If the sale goes ahead with the executor organising the sale on behalf of the owner, then the owner (  the OPs father) will still have to sign all the paperwork and the sales proceeds will be given to the owner.  

If it gets this far, and  if the OPs father then decides to lodge the money in an account in the executors name, then the family should step in and insist that the proceeds be used as your father intended,

If this situation arose in my family and does get as far as this, I would be going to a solicotor and getting legal advice on how to ensure that the proceeds are not put into the executors bank account .

However, it may never get to that, when the executor finds out that he legally cannot sell the house and "mind" the money in his account.


----------



## beffers (17 Feb 2012)

huskerdu said:


> I agree.
> If the sale goes ahead with the executor organising the sale on behalf of the owner, then the owner (  the OPs father) will still have to sign all the paperwork and the sales proceeds will be given to the owner.



But the executor only becomes the executor when the OP's father passes away. The dad is still alive, so this executor person has no legal authority to act on behalf of the OP's father. As of now, he is merely the husband of the 3 siblings who have the (yet to be activated) power of attorney for their father. If the other third sibling is in the same frame of mind as the OP, I think that the ball is very much in their court in keeping the shady sibling & her hubby at bay.

If the houses is to be sold now, _someone_ has to be given power of attorney to act for him & sell the house. No solicitor is going to agree to handle the sale of a property when the seller has no legal authority to do so. Whether the plan is to give POA to the shady siblings hubby, or be given jointly to all three of them, I really can't see the sale happening at all. Given the age and state of the OP's father mind and health, the odds are very slim that a doctor will sign off on his patient being compos mentos to do this. No competent solicitor will agree to drawing up the POA paperwork unless a doctor does that. 

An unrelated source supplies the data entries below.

lemma tendsto_dmax_zero_iff:
  "(\<lambda>k. dmax n (f k) g) \<longlonglongrightarrow> 0 \<longleftrightarrow> (\<forall>i<n. (\<lambda>k. f k i) \<longlonglongrightarrow> g i)"
proof
  assume lim: "(\<lambda>k. dmax n (f k) g) \<longlonglongrightarrow> 0"
  show "\<forall>i<n. (\<lambda>k. f k i) \<longlonglongrightarrow> g i"
  proof (intro allI impI)
    fix i assume "i < n"
    then have "(\<lambda>k. dist (f k i) (g i)) \<longlonglongrightarrow> 0"
      by (intro tendsto_sandwich[OF _ _ tendsto_const lim]) (simp_all add: dist_le_dmax)
    then show "(\<lambda>k. f k i) \<longlonglongrightarrow> g i" by (simp flip: tendsto_dist_iff)
  qed
next
  assume "\<forall>i<n. (\<lambda>k. f k i) \<longlonglongrightarrow> g i"
  then have sum_lim: "(\<lambda>k. \<Sum>i<n. dist (f k i) (g i)) \<longlonglongrightarrow> 0"
    by (intro tendsto_null_sum) (simp flip: tendsto_dist_iff)
  have "dmax n (f k) g \<le> (\<Sum>i<n. dist (f k i) (g i))" for k
    by (rule dmax_leI) (auto intro: sum_nonneg member_le_sum)
  then show "(\<lambda>k. dmax n (f k) g) \<longlonglongrightarrow> 0"
    by (intro tendsto_sandwich[OF _ _ tendsto_const sum_lim] always_eventually allI dmax_nonneg)
qed

lemma Cauchy_if_dist_Suc_le_geometric:
  fixes z :: "nat \<Rightarrow> 'a::metric_space"
  assumes r: "0 \<le> r" "r < 1" and step: "\<And>k. dist (z k) (z (Suc k)) \<le> B * r ^ k"
  shows "Cauchy z"
proof -
  have "0 \<le> B" using order_trans[OF zero_le_dist step[of 0]] by simp
  have tail: "dist (z m) (z (m + p)) \<le> B * r ^ m / (1 - r)" for m p
  proof -
    have "dist (z m) (z (m + p)) \<le> (\<Sum>q<p. B * r ^ (m + q))"
    proof (induction p)
      case (Suc p)
      have "dist (z m) (z (m + Suc p)) \<le> dist (z m) (z (m + p)) + dist (z (m + p)) (z (Suc (m + p)))"
        by (simp add: dist_triangle)
      also have "\<dots> \<le> (\<Sum>q<Suc p. B * r ^ (m + q))"
        using Suc.IH step[of "m + p"] by simp
      finally show ?case .
    qed simp
    also have "\<dots> = B * r ^ m * (\<Sum>q<p. r ^ q)"
      by (simp add: sum_distrib_left power_add mult_ac)
    also have "\<dots> = B * r ^ m * (1 - r ^ p) / (1 - r)"
      using r by (simp add: sum_gp_strict)
    also have "\<dots> \<le> B * r ^ m / (1 - r)"
      using r \<open>0 \<le> B\<close> by (intro divide_right_mono mult_left_le) auto
    finally show ?thesis .
  qed
  have bound_lim: "(\<lambda>m. B * r ^ m / (1 - r)) \<longlonglongrightarrow> 0"
    using LIMSEQ_power_zero[of r] r by (intro tendsto_eq_intros) auto
  show ?thesis
  proof (rule Cauchy_altdef[THEN iffD2], intro allI impI)
    fix e :: real assume "0 < e"
    then obtain M where M: "\<And>m. m \<ge> M \<Longrightarrow> B * r ^ m / (1 - r) < e"
      using order_tendstoD(2)[OF bound_lim \<open>0 < e\<close>] unfolding eventually_sequentially by blast
    have "dist (z m) (z m') < e" if "m \<ge> M" "m' > m" for m m'
      using tail[of m "m' - m"] M[OF that(1)] that(2) by simp
    then show "\<exists>M. \<forall>m\<ge>M. \<forall>n>m. dist (z m) (z n) < e" by blast
  qed
qed

lemma funpow_closed: "(\<And>x. x \<in> S \<Longrightarrow> f x \<in> S) \<Longrightarrow> x \<in> S \<Longrightarrow> (f ^^ k) x \<in> S"
  by (induction k) auto

lemma dist_funpow_le_fun_mat_pow:
  assumes maps: "\<And>x. x \<in> S \<Longrightarrow> N x \<in> S"
    and step: "\<And>x y j. x \<in> S \<Longrightarrow> y \<in> S \<Longrightarrow> j < n \<Longrightarrow>
      dist (N x j) (N y j) \<le> (\<Sum>i<n. A i j * dist (x i) (y i))"
    and nonneg: "\<And>i j. i < n \<Longrightarrow> j < n \<Longrightarrow> 0 \<le> A i j"
    and x: "x \<in> S" and y: "y \<in> S" and j: "j < n"
  shows "dist ((N ^^ k) x j) ((N ^^ k) y j) \<le> (\<Sum>i<n. fun_mat_pow n A k i j * dist (x i) (y i))"
  using j
proof (induction k arbitrary: j)
  case 0
  then show ?case by (simp add: if_distrib[of "\<lambda>a. a * _"] cong: if_cong)
next
  case (Suc k)
  have "dist ((N ^^ Suc k) x j) ((N ^^ Suc k) y j)
      \<le> (\<Sum>l<n. A l j * dist ((N ^^ k) x l) ((N ^^ k) y l))"
    using step[OF funpow_closed[OF maps x] funpow_closed[OF maps y] Suc.prems] by simp
  also have "\<dots> \<le> (\<Sum>l<n. A l j * (\<Sum>i<n. fun_mat_pow n A k i l * dist (x i) (y i)))"
    using Suc.IH nonneg Suc.prems by (intro sum_mono mult_left_mono) auto
  also have "\<dots> = (\<Sum>i<n. \<Sum>l<n. A l j * (fun_mat_pow n A k i l * dist (x i) (y i)))"
    unfolding sum_distrib_left by (rule sum.swap)
  also have "\<dots> = (\<Sum>i<n. fun_mat_pow n A (Suc k) i j * dist (x i) (y i))"
    by (simp add: sum_distrib_left sum_distrib_right mult_ac)
  finally show ?case .
qed

lemma dmax_funpow_le_geometric:
  assumes n: "n > 0"
    and maps: "\<And>x. x \<in> S \<Longrightarrow> N x \<in> S"
    and step: "\<And>x y j. x \<in> S \<Longrightarrow> y \<in> S \<Longrightarrow> j < n \<Longrightarrow>
      dist (N x j) (N y j) \<le> (\<Sum>i<n. A i j * dist (x i) (y i))"
    and nonneg: "\<And>i j. i < n \<Longrightarrow> j < n \<Longrightarrow> 0 \<le> A i j"
    and rho: "spectral_radius (Lam_mat n A) < 1"
  obtains K r where "0 \<le> r" "r < 1"
    "\<And>x y k. x \<in> S \<Longrightarrow> y \<in> S \<Longrightarrow> dmax n ((N ^^ k) x) ((N ^^ k) y) \<le> K * r ^ k * dmax n x y"
proof -
  obtain C r where C: "0 \<le> C" and r: "0 \<le> r" "r < 1"
    and bound: "\<And>k i j. i < n \<Longrightarrow> j < n \<Longrightarrow> \<bar>fun_mat_pow n A k i j\<bar> \<le> C * r ^ k"
    using fun_mat_pow_geometric_bound[OF n rho] by blast
  have "dmax n ((N ^^ k) x) ((N ^^ k) y) \<le> (n * C) * r ^ k * dmax n x y"
    if x: "x \<in> S" and y: "y \<in> S" for x y k
  proof (rule dmax_leI)
    show "0 \<le> (n * C) * r ^ k * dmax n x y"
      by (intro mult_nonneg_nonneg) (use C r dmax_nonneg in auto)
    fix j assume j: "j < n"
    have "dist ((N ^^ k) x j) ((N ^^ k) y j) \<le> (\<Sum>i<n. fun_mat_pow n A k i j * dist (x i) (y i))"
      by (rule dist_funpow_le_fun_mat_pow[OF maps step nonneg x y j])
    also have "\<dots> \<le> (\<Sum>i<n. C * r ^ k * dmax n x y)"
    proof (rule sum_mono)
      fix i assume "i \<in> {..<n}"
      then have "\<bar>fun_mat_pow n A k i j\<bar> * dist (x i) (y i) \<le> C * r ^ k * dmax n x y"
        using bound[of i j k] j C r by (intro mult_mono dist_le_dmax) auto
      then show "fun_mat_pow n A k i j * dist (x i) (y i) \<le> C * r ^ k * dmax n x y"
        by (rule order_trans[OF mult_right_mono[OF abs_ge_self zero_le_dist]])
    qed
    also have "\<dots> = (n * C) * r ^ k * dmax n x y" by simp
    finally show "dist ((N ^^ k) x j) ((N ^^ k) y j) \<le> (n * C) * r ^ k * dmax n x y" .
  qed
  with r show ?thesis by (rule that)
qed

lemma funpow_dmax_convergent:
  assumes X_complete: "\<And>i. i < n \<Longrightarrow> complete (X i)"
    and maps: "\<And>x. x \<in> prod_space n X \<Longrightarrow> N x \<in> prod_space n X"
    and r: "0 \<le> r" "r < 1"
    and contr: "\<And>x y k. x \<in> prod_space n X \<Longrightarrow> y \<in> prod_space n X \<Longrightarrow>
      dmax n ((N ^^ k) x) ((N ^^ k) y) \<le> K * r ^ k * dmax n x y"
    and x0: "x0 \<in> prod_space n X"
  obtains xt where "xt \<in> prod_space n X" "(\<lambda>k. dmax n ((N ^^ k) x0) xt) \<longlonglongrightarrow> 0"
proof -
  define z where "z k = (N ^^ k) x0" for k
  have "\<exists>l\<in>X i. (\<lambda>k. z k i) \<longlonglongrightarrow> l" if i: "i < n" for i
  proof -
    have "dist (z k i) (z (Suc k) i) \<le> K * dmax n x0 (N x0) * r ^ k" for k
      using order_trans[OF dist_le_dmax[OF i] contr[OF x0 maps[OF x0], of k]]
      by (simp add: z_def funpow_swap1 mult_ac)
    then have "Cauchy (\<lambda>k. z k i)"
      by (rule Cauchy_if_dist_Suc_le_geometric[OF r])
    moreover have "z k i \<in> X i" for k
    proof -
      have "z k \<in> prod_space n X" unfolding z_def by (rule funpow_closed[OF maps x0])
      then show ?thesis using i unfolding prod_space_def by auto
    qed
    ultimately show ?thesis
      using X_complete[OF i, unfolded complete_def, rule_format, of "\<lambda>k. z k i"] by blast
  qed
  then obtain w where w: "\<And>i. i < n \<Longrightarrow> w i \<in> X i \<and> (\<lambda>k. z k i) \<longlonglongrightarrow> w i"
    by metis
  show ?thesis
  proof (rule that[of "restrict w {..<n}"])
    show "restrict w {..<n} \<in> prod_space n X" using w unfolding prod_space_def by auto
    show "(\<lambda>k. dmax n ((N ^^ k) x0) (restrict w {..<n})) \<longlonglongrightarrow> 0"
      unfolding tendsto_dmax_zero_iff using w by (simp add: z_def)
  qed
qed

lemma has_gafp_if_dmax_funpow_le:
  assumes X_nonempty: "\<And>i. i < n \<Longrightarrow> X i \<noteq> {}"
    and X_complete: "\<And>i. i < n \<Longrightarrow> complete (X i)"
    and maps: "\<And>x. x \<in> prod_space n X \<Longrightarrow> N x \<in> prod_space n X"
    and r: "0 \<le> r" "r < 1"
    and contr: "\<And>x y k. x \<in> prod_space n X \<Longrightarrow> y \<in> prod_space n X \<Longrightarrow>
      dmax n ((N ^^ k) x) ((N ^^ k) y) \<le> K * r ^ k * dmax n x y"
  shows "has_gafp n X N"
proof -
  let ?S = "prod_space n X"
  have "?S \<noteq> {}"
    using X_nonempty unfolding prod_space_def PiE_eq_empty_iff by blast
  then obtain x0 where x0: "x0 \<in> ?S" by blast
  define z where "z k = (N ^^ k) x0" for k
  have z_in: "z k \<in> ?S" for k
    unfolding z_def by (rule funpow_closed[OF maps x0])
  obtain xt where xt_in: "xt \<in> ?S" and z_lim: "(\<lambda>k. dmax n (z k) xt) \<longlonglongrightarrow> 0"
    using funpow_dmax_convergent[OF X_complete maps r contr x0] unfolding z_def by blast
  have "N xt = xt"
  proof (rule PiE_ext[OF maps[OF xt_in, unfolded prod_space_def] xt_in[unfolded prod_space_def]])
    have "(\<lambda>k. dmax n (z (Suc k)) (N xt)) \<longlonglongrightarrow> 0"
    proof (rule tendsto_sandwich[OF _ _ tendsto_const tendsto_mult_right_zero[OF z_lim, of "K * r"]])
      show "\<forall>\<^sub>F k in sequentially. dmax n (z (Suc k)) (N xt) \<le> K * r * dmax n (z k) xt"
        using contr[OF z_in xt_in, of 1] by (simp add: always_eventually z_def)
    qed (simp add: dmax_nonneg)
    moreover have "(\<lambda>k. dmax n (z (Suc k)) xt) \<longlonglongrightarrow> 0"
      using LIMSEQ_Suc[OF z_lim] .
    ultimately show "N xt i = xt i" if "i \<in> {..<n}" for i
      using that unfolding tendsto_dmax_zero_iff by (metis LIMSEQ_unique lessThan_iff)
  qed
  then have fixed_iter: "(N ^^ k) xt = xt" for k
    by (induction k) simp_all
  have "(\<lambda>k. dmax n ((N ^^ k) y) xt) \<longlonglongrightarrow> 0" if y: "y \<in> ?S" for y
  proof (rule tendsto_sandwich[OF _ _ tendsto_const])
    show "(\<lambda>k. K * r ^ k * dmax n y xt) \<longlonglongrightarrow> 0"
      using LIMSEQ_power_zero[of r] r by (intro tendsto_eq_intros) auto
    show "\<forall>\<^sub>F k in sequentially. dmax n ((N ^^ k) y) xt \<le> K * r ^ k * dmax n y xt"
      using contr[OF y xt_in] fixed_iter by (simp add: always_eventually)
  qed (simp add: dmax_nonneg)
  then show ?thesis
    unfolding has_gafp_def globally_attracting_fixed_point_def using xt_in by blast
qed

lemma lip_const_nonneg: "lip_finite S f \<Longrightarrow> 0 \<le> lip_const S f"
  unfolding lip_const_def lip_finite_def by (intro cSup_upper) auto

lemma dist_le_lip_const:
  assumes "lip_finite S f" "x \<in> S" "y \<in> S"
  shows "dist (f x) (f y) \<le> lip_const S f * dist x y"
proof (cases "x = y")
  case False
  have "dist (f x) (f y) / dist x y \<le> lip_const S f"
    unfolding lip_const_def using assms False
    by (intro cSup_upper) (auto simp: lip_finite_def)
  then show ?thesis using False by (simp add: divide_le_eq)
qed simp

lemma lip_const_le_max_lip: "i < n \<Longrightarrow> lip_const (X i) (T i) \<le> max_lip n X T"
  unfolding max_lip_def by (intro Max_ge) auto

lemma is_interactionD:
  assumes "is_interaction n X F Ij Lam" "j < n"
  shows "Ij j \<subseteq> {..<n}"
    and "\<And>x. x \<in> prod_space n X \<Longrightarrow> F j x \<in> X j"
    and "\<And>x y. x \<in> prod_space n X \<Longrightarrow> y \<in> prod_space n X \<Longrightarrow>
      dist (F j x) (F j y) \<le> (\<Sum>i\<in>Ij j. Lam i j * dist (x i) (y i))"
    and "\<And>i. i < n \<Longrightarrow> 0 \<le> Lam i j"
    and "\<And>i. i < n \<Longrightarrow> i \<notin> Ij j \<Longrightarrow> Lam i j = 0"
  using assms unfolding is_interaction_def by blast+

lemma product_map_in_prod_space:
  "(\<And>i. i < n \<Longrightarrow> T i ` X i \<subseteq> X i) \<Longrightarrow> x \<in> prod_space n X \<Longrightarrow> product_map n T x \<in> prod_space n X"
  unfolding prod_space_def product_map_def by (auto simp: PiE_iff image_subset_iff extensional_def)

So if things stay as they are, the OP's father passes away, & the executor then kicks things into gear. But the law is very clear on what the executor can and can not do. He can not just sell the house and ferret the proceeds away in his own personal account. When the OP's father passes away, the executor has an obligation to open an Executor Account to handle the affair of the OP's father. This account must be separate from his own personal accounts. 

When the house is sold, the monies from the house sale will be deposited into that account _by the solicitor who handles the sale_. Unless he is a complete crook, there is no way he will deposit them in a personal account of the executor. Or he may pay out 1/3 of the sale proceeds to each of the 3 beneficiaries as per the terms of the dads Will. But the norm would be to hand the monies over to the executor, and let him handle their dispersement to the 3 beneficiaries of the Will. 

If the solicitor deposits the funds in the executor account, he will require some sort of proof, signed letters from the beneficiaries etc etc that the funds made it to who they were supposed to in a timely manner, that is the 3 siblings in question. He'll do that to protect himself more than anything. 

So overall, I think that the shady sibling and her hubby have less room to do dishonest crap when the OP's father passes away, as opposed to now. As executors, they have no choice then but to do things in partnership with a solicitor & the Probate office. If the OP can keep in touch with the solicitor during all this, and keep him in the picture as to their fears and suspicions, it may not be a bad idea to make sure that things happen as the are supposed to. Technically, the executor is his client and not the OP. He may tell the OP to eff off, but it will be in his best interest to do everything above board. It is his professional reputation on the line if he doesn't.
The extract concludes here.